One the projects I am currently working on is about machine learning, more precisely about neural network. The aim is to train a neural network to detect faces on an image. To do so, we used caffe, a well-known framework for Convolutional Neural Network (CNN). In short, a CNN is a neural network processing on images. The main problem with caffe is its documentation, so I’d like to explain how to use it, as simply as I can.

Tutorial

Install caffe

The installation of caffe can be quite difficult. Some people use a Virtual Machine, I prefer using docker: it is lighter, and I had some problems with VM and caffe. Of course, you need docker installed https://docs.docker.com/engine/installation/

First, you need to download caffe.

git clone https://github.com/BVLC/caffe.git

Then, we build the docker image (it will take some time):

cd caffe/docker
docker build -t caffe:cpu standalone/cpu

This step installed all needed dependencies to make caffe work.

Now, we will launch the docker container, with a shell access. Moreover, we mount a volume (/datas into the docker container) of datas from our computer to be able to access it from docker.
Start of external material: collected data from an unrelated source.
theorem proposition2p7:
  fixes g :: "real \<Rightarrow> real" and a b t :: real and n :: nat
    and f :: "nat \<Rightarrow> real \<Rightarrow> 'a::real_normed_field"
  assumes g_mono: "mono g"
    and g_leftcont: "\<And>x. continuous (at_left x) g"
    and ab: "a < b"
    and a_ok: "a \<notin> Ngm g"
    and b_ok: "b \<notin> Dg g \<union> Cg g \<union> Ngp g"
    and n2: "n \<ge> 2"
    and t_in: "t \<in> {a..b}"
    and diff: "\<And>j. j \<in> {1..n} \<Longrightarrow> g_differentiable g a b (f j) t"
  shows "g_differentiable g a b (\<lambda>s. \<Prod>j=1..n. f j s) t \<and>
         g_deriv g a b (\<lambda>s. \<Prod>j=1..n. f j s) t =
           (\<Sum>k=0..<n. (of_real (Delta_g g (tstar g t)))^k *
              (\<Sum>\<sigma>\<in>Fnk n (k+1). \<Prod>j=1..n. g_deriv_n g a b (f j) (\<sigma> j) (tstar g t)))"
proof -
  interpret derivator_interval g a b
    using assms by unfold_locales
  define T where "T = tstar g t"
  have "has_g_deriv g a b (\<lambda>s. \<Prod>j=1..n. f j s)
      (\<Sum>S\<in>Pow {1..n} - {{}}. of_real (Delta_g g T) ^ (card S - 1) *
         (\<Prod>j\<in>S. g_deriv g a b (f j) T) * (\<Prod>j\<in>{1..n} - S. f j T)) t"
    unfolding T_def using t_in diff by (intro has_g_deriv_prod has_g_deriv_g_deriv_tstar) auto
  moreover have "(\<Sum>k=0..<n. of_real (Delta_g g T) ^ k *
        (\<Sum>\<sigma>\<in>Fnk n (k+1). \<Prod>j=1..n. g_deriv_n g a b (f j) (\<sigma> j) T)) =
      (\<Sum>S\<in>Pow {1..n} - {{}}. of_real (Delta_g g T) ^ (card S - 1) *
         (\<Prod>j\<in>S. g_deriv g a b (f j) T) * (\<Prod>j\<in>{1..n} - S. f j T))"
    using sum_powers_Fnk_eq_sum_subsets[where h = "\<lambda>j i. g_deriv_n g a b (f j) i T"]
    by (simp add: g_deriv_n_def)
  ultimately show ?thesis
    using g_deriv_eqI[OF t_in] unfolding g_differentiable_def T_def by auto
qed
lemma locally_polyhedral_Int:
  fixes S :: "'a::euclidean_space set"
  assumes "locally_polyhedral S" "locally_polyhedral T"
  shows "locally_polyhedral (S \<inter> T)"
  unfolding locally_polyhedral_def
proof
  fix a assume a: "a \<in> S \<inter> T"
  obtain U1 F1 where 1: "open U1" "a \<in> U1" "finite F1" "\<forall>T\<in>F1. polytope T" "U1 \<inter> S = U1 \<inter> \<Union>F1"
    using assms(1) a unfolding locally_polyhedral_def by auto
  obtain U2 F2 where 2: "open U2" "a \<in> U2" "finite F2" "\<forall>T\<in>F2. polytope T" "U2 \<inter> T = U2 \<inter> \<Union>F2"
    using assms(2) a unfolding locally_polyhedral_def by auto
  define F where "F = (\<lambda>(A, B). A \<inter> B) ` (F1 \<times> F2)"
  have "(U1 \<inter> U2) \<inter> (S \<inter> T) = (U1 \<inter> U2) \<inter> ((U1 \<inter> \<Union>F1) \<inter> (U2 \<inter> \<Union>F2))"
    using 1(5) 2(5) by auto
  also have "\<dots> = (U1 \<inter> U2) \<inter> \<Union>F" unfolding F_def by auto
  finally have "(U1 \<inter> U2) \<inter> (S \<inter> T) = (U1 \<inter> U2) \<inter> \<Union>F" .
  moreover have "finite F" "\<forall>X\<in>F. polytope X"
    using 1(3,4) 2(3,4) unfolding F_def by (auto intro: polytope_Int)
  ultimately show "\<exists>U F. open U \<and> a \<in> U \<and> finite F \<and> (\<forall>T\<in>F. polytope T) \<and> U \<inter> (S \<inter> T) = U \<inter> \<Union>F"
    using 1(1,2) 2(1,2) by (intro exI[of _ "U1 \<inter> U2"] exI[of _ F]) auto
qed

lemma locally_polyhedral_Times:
  fixes S :: "'a::euclidean_space set" and T :: "'b::euclidean_space set"
  assumes "locally_polyhedral S" "locally_polyhedral T"
  shows "locally_polyhedral (S \<times> T)"
  unfolding locally_polyhedral_def
proof
  fix a assume a: "a \<in> S \<times> T"
  obtain U1 F1 where 1: "open U1" "fst a \<in> U1" "finite F1" "\<forall>T\<in>F1. polytope T" "U1 \<inter> S = U1 \<inter> \<Union>F1"
    using assms(1) a unfolding locally_polyhedral_def by (metis mem_Times_iff)
  obtain U2 F2 where 2: "open U2" "snd a \<in> U2" "finite F2" "\<forall>T\<in>F2. polytope T" "U2 \<inter> T = U2 \<inter> \<Union>F2"
    using assms(2) a unfolding locally_polyhedral_def by (metis mem_Times_iff)
  define F where "F = (\<lambda>(A, B). A \<times> B) ` (F1 \<times> F2)"
  have "(U1 \<times> U2) \<inter> (S \<times> T) = (U1 \<inter> \<Union>F1) \<times> (U2 \<inter> \<Union>F2)"
    using 1(5) 2(5) by auto
  also have "\<dots> = (U1 \<times> U2) \<inter> \<Union>F" unfolding F_def by auto
  finally have "(U1 \<times> U2) \<inter> (S \<times> T) = (U1 \<times> U2) \<inter> \<Union>F" .
  moreover have "finite F" "\<forall>X\<in>F. polytope X"
    using 1(3,4) 2(3,4) unfolding F_def by (auto intro: polytope_Times)
  moreover have "open (U1 \<times> U2)" "a \<in> U1 \<times> U2"
    using 1(1,2) 2(1,2) by (auto simp: open_Times mem_Times_iff)
  ultimately show "\<exists>U F. open U \<and> a \<in> U \<and> finite F \<and> (\<forall>T\<in>F. polytope T) \<and> U \<inter> (S \<times> T) = U \<inter> \<Union>F"
    by (intro exI[of _ "U1 \<times> U2"] exI[of _ F]) auto
qed

lemma locally_polyhedral_interval: "locally_polyhedral {0..1::real}"
  using locally_polyhedral_polyhedron[OF polyhedron_interval[of "0::real" 1]] by (simp add: cbox_interval)

lemma locally_polyhedral_halfopen_interval: "locally_polyhedral {0..<1::real}"
proof -
  have "{0..<1::real} = {..<1} \<inter> {0..1}" by auto
  then show ?thesis
    by (simp add: locally_polyhedral_Int locally_polyhedral_open locally_polyhedral_interval)
qed

lemma locally_polyhedral_strip: "locally_polyhedral ({0..<1::real} \<times> (UNIV::'a::euclidean_space set))"
  by (simp add: locally_polyhedral_Times locally_polyhedral_halfopen_interval)

lemma locally_polyhedral_linear_image:
  fixes S :: "'a::euclidean_space set" and L :: "'a \<Rightarrow> 'b::euclidean_space"
  assumes "locally_polyhedral S" "linear L"
    and "continuous_on (L ` S) R" "\<And>s. s \<in> S \<Longrightarrow> R (L s) = s"
  shows "locally_polyhedral (L ` S)"
  unfolding locally_polyhedral_def
proof
  fix b assume "b \<in> L ` S"
  then obtain a where a: "a \<in> S" "b = L a" by auto
  obtain U F where F: "open U" "a \<in> U" "finite F" "\<forall>T\<in>F. polytope T" "U \<inter> S = U \<inter> \<Union>F"
    using assms(1) a unfolding locally_polyhedral_def by auto
  obtain C Q where C: "polytope C" "open Q" "a \<in> Q" "Q \<subseteq> C" "C \<subseteq> U"
    using open_polytope_neighbourhood[OF F(1,2)] by metis
  \<comment> \<open>By continuity of R, near b the set L ` S only contains images of points of Q \<subseteq> C.\<close>
  obtain A where A: "open A" "A \<inter> L ` S = R -` Q \<inter> L ` S"
    using assms(3) C(2) unfolding continuous_on_open_invariant by auto
  have "b \<in> A" using A a C(3) assms(4) by auto
  have "A \<inter> L ` S = A \<inter> \<Union>((\<lambda>T. L ` (C \<inter> T)) ` F)"
  proof
    show "A \<inter> L ` S \<subseteq> A \<inter> \<Union>((\<lambda>T. L ` (C \<inter> T)) ` F)"
    proof
      fix y assume y: "y \<in> A \<inter> L ` S"
      then obtain s where s: "s \<in> S" "y = L s" by auto
      have "s \<in> C" using A y s assms(4) C(4) by auto
      then have "s \<in> U \<inter> \<Union>F" using s F(5) C(5) by auto
      then show "y \<in> A \<inter> \<Union>((\<lambda>T. L ` (C \<inter> T)) ` F)" using y s \<open>s \<in> C\<close> by auto
    qed
    show "A \<inter> \<Union>((\<lambda>T. L ` (C \<inter> T)) ` F) \<subseteq> A \<inter> L ` S"
      using F(5) C(5) by blast
  qed
  moreover have "\<forall>X\<in>(\<lambda>T. L ` (C \<inter> T)) ` F. polytope X"
    using F(4) C(1) assms(2) by (auto intro!: polytope_linear_image polytope_Int)
  ultimately show "\<exists>U F. open U \<and> b \<in> U \<and> finite F \<and> (\<forall>T\<in>F. polytope T) \<and> U \<inter> L ` S = U \<inter> \<Union>F"
    using A(1) \<open>b \<in> A\<close> F(3) by (intro exI[of _ A] exI[of _ "(\<lambda>T. L ` (C \<inter> T)) ` F"]) auto
qed

lemma locally_polyhedral_pad_right:
  fixes G :: "('a::euclidean_space \<times> 'b::euclidean_space) set"
  assumes "locally_polyhedral G"
  shows "locally_polyhedral {(x, y, z::'c::euclidean_space). (x, y) \<in> G}"
proof -
  have "{(x, y, z::'c). (x, y) \<in> G} = (\<lambda>((x, y), z). (x, y, z)) ` (G \<times> UNIV)"
    by force
  also have "locally_polyhedral \<dots>"
    by (rule locally_polyhedral_linear_image[where R = "\<lambda>(x, y, z). ((x, y), z)"])
       (auto simp: case_prod_beta linear_iff intro!: continuous_intros locally_polyhedral_Times assms)
  finally show ?thesis .
qed
(* Let $S$ be a finite set of odd primes and let $E=\{\overline{x}\in\overline{\Gamma}_S : x\in\mathcal{O},\ \mathrm{Nm}(x)\mid m_S\}$. Let $G$ be the abstract group with one generator $a_e$ for each $e\in E$ and relations $a_\sigma a_\tau a_\nu^{-1}=1$ for every triple $(\sigma,\tau,\nu)\in E^3$ with $\sigma\tau=\nu$ in $\overline{\Gamma}_S$. Then the map $a_e\mapsto e$ induces an isomorphism $G\cong\overline{\Gamma}_S$.
   Context: Let $\mathcal{H}$ be the quaternion algebra over $\mathbb{Q}$ with basis $1, I, J, IJ$ and relations $I^2=J^2=-1$, $IJ=-JI$, with reduced norm $\mathrm{Nm}(a+bI+cJ+dIJ)=a^2+b^2+c^2+d^2$. Let $\mathcal{O}$ be the Hurwitz order, the $\mathbb{Z}$-span of $1, I, J, \tfrac12(1+I+J+IJ)$. For a finite set $S$ of primes, let $\mathbb{Z}_S=\mathbb{Z}[1/p : p\in S]$, $m_S=\prod_{p\in S}p$, $\mathcal{O}_S=\mathcal{O}\otimes_{\mathbb{Z}}\mathbb{Z}_S$, $\Gamma_S=\mathcal{O}_S^*$ (the $S$-unit group), and $\overline{\Gamma}_S=\Gamma_S/\mathbb{Z}_S^*$ (units modulo central scalars). For $x\in\mathcal{O}$ with $\mathrm{Nm}(x)\mid m_S$, $x$ is a unit of $\mathcal{O}_S$ and $\overline{x}$ denotes its image in $\overline{\Gamma}_S$. *)

theory Defs
  imports "HOL-Algebra.Algebra"
begin

datatype quat = Quat (re: rat) (qi: rat) (qj: rat) (qk: rat)

text \<open>Basis 1, I, J, IJ with I^2 = J^2 = -1, IJ = -JI; coordinates (a,b,c,d) = a + bI + cJ + d IJ.\<close>
definition qmul :: "quat \<Rightarrow> quat \<Rightarrow> quat" where
  "qmul x y = Quat
     (re x * re y - qi x * qi y - qj x * qj y - qk x * qk y)
     (re x * qi y + qi x * re y + qj x * qk y - qk x * qj y)
     (re x * qj y - qi x * qk y + qj x * re y + qk x * qi y)
     (re x * qk y + qi x * qj y - qj x * qi y + qk x * re y)"

definition qone :: quat where "qone = Quat 1 0 0 0"

definition qscale :: "rat \<Rightarrow> quat \<Rightarrow> quat" where
  "qscale c x = Quat (c * re x) (c * qi x) (c * qj x) (c * qk x)"

definition qnorm :: "quat \<Rightarrow> rat" where
  "qnorm x = re x ^ 2 + qi x ^ 2 + qj x ^ 2 + qk x ^ 2"

text \<open>Hurwitz order: Z-span of 1, I, J, (1+I+J+IJ)/2.\<close>
definition hurwitz :: "quat set" where
  "hurwitz = {Quat (of_int n1 + of_int n4 / 2) (of_int n2 + of_int n4 / 2)
                   (of_int n3 + of_int n4 / 2) (of_int n4 / 2) | n1 n2 n3 n4 :: int. True}"

definition mS :: "nat set \<Rightarrow> nat" where "mS S = (\<Prod>p\<in>S. p)"

text \<open>Z_S = Z[1/p : p in S], as a subring of Q.\<close>
definition ZS :: "nat set \<Rightarrow> rat set" where
  "ZS S = {of_int a / of_nat (mS S ^ k) | a k. True}"

definition ZS_units :: "nat set \<Rightarrow> rat set" where
  "ZS_units S = {c \<in> ZS S. \<exists>d \<in> ZS S. c * d = 1}"

text \<open>O_S = O tensor Z_S, realised as the Z_S-span of O inside the quaternion algebra.\<close>
definition OS :: "nat set \<Rightarrow> quat set" where
  "OS S = {qscale (1 / of_nat (mS S ^ k)) x | x k. x \<in> hurwitz}"

definition GammaS :: "nat set \<Rightarrow> quat set" where
  "GammaS S = {q \<in> OS S. \<exists>r \<in> OS S. qmul q r = qone \<and> qmul r q = qone}"

definition GammaS_grp :: "nat set \<Rightarrow> quat monoid" where
  "GammaS_grp S = \<lparr>carrier = GammaS S, monoid.mult = qmul, one = qone\<rparr>"

definition ZS_scalars :: "nat set \<Rightarrow> quat set" where
  "ZS_scalars S = {Quat c 0 0 0 | c. c \<in> ZS_units S}"

definition GammaS_bar :: "nat set \<Rightarrow> quat set monoid" where
  "GammaS_bar S = GammaS_grp S Mod ZS_scalars S"

definition Egens :: "nat set \<Rightarrow> quat set set" where
  "Egens S = {ZS_scalars S #>\<^bsub>GammaS_grp S\<^esub> x | x. x \<in> hurwitz \<and>
               (\<exists>n::int. qnorm x = of_int n \<and> n dvd int (mS S))}"

text \<open>Words: letters (a, True) stand for a generator a, (a, False) for its inverse.
  pres_eq R is the congruence on words generated by free cancellation and the relators R.\<close>
inductive pres_eq :: "('a \<times> bool) list set \<Rightarrow> ('a \<times> bool) list \<Rightarrow> ('a \<times> bool) list \<Rightarrow> bool"
  for R where
  pres_refl: "pres_eq R w w"
| pres_sym: "pres_eq R v w \<Longrightarrow> pres_eq R w v"
| pres_trans: "pres_eq R u v \<Longrightarrow> pres_eq R v w \<Longrightarrow> pres_eq R u w"
| pres_cancel: "pres_eq R (u @ [(x, b), (x, \<not> b)] @ v) (u @ v)"
| pres_rel: "r \<in> R \<Longrightarrow> pres_eq R (u @ r @ v) (u @ v)"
docker run -ti -v /path/to/folder/conf_and_images_for_caffe/:/datas caffe:cpu bash

Important: When you are in the docker container, caffe is installed in /opt/caffe/

##Convert your training images to the right format To create a CNN, you need to give it datas so that it can learn. You need to have many images, divided in two categories here: faces and non-faces. Caffe needs a specific format to be trained : LMDB (default) or LevelDB. To convert you images to LMDB, you can use a tool included in caffe :

cd /datas
/opt/caffe/build/tools/convert_imageset --shuffle --gray train_images/ posneg.txt train_lmdb

train_images is the folder when you have your training images. posneg.txt is a file with a line for each image, containing the path to the image relative to train_images, and the corresponding class (face or non-face), it looks like this :

Image000605.pgm 1
Image000607.pgm 1
Image000608.pgm 0

Finally, train_lmdb is the output, used in the next steps to train the CNN.

##Train the CNN To train the CNN, you will need to specify two files :

a config file : number of iterations, the learning rate …
a file describing the architecture of the CNN (number of layers etc).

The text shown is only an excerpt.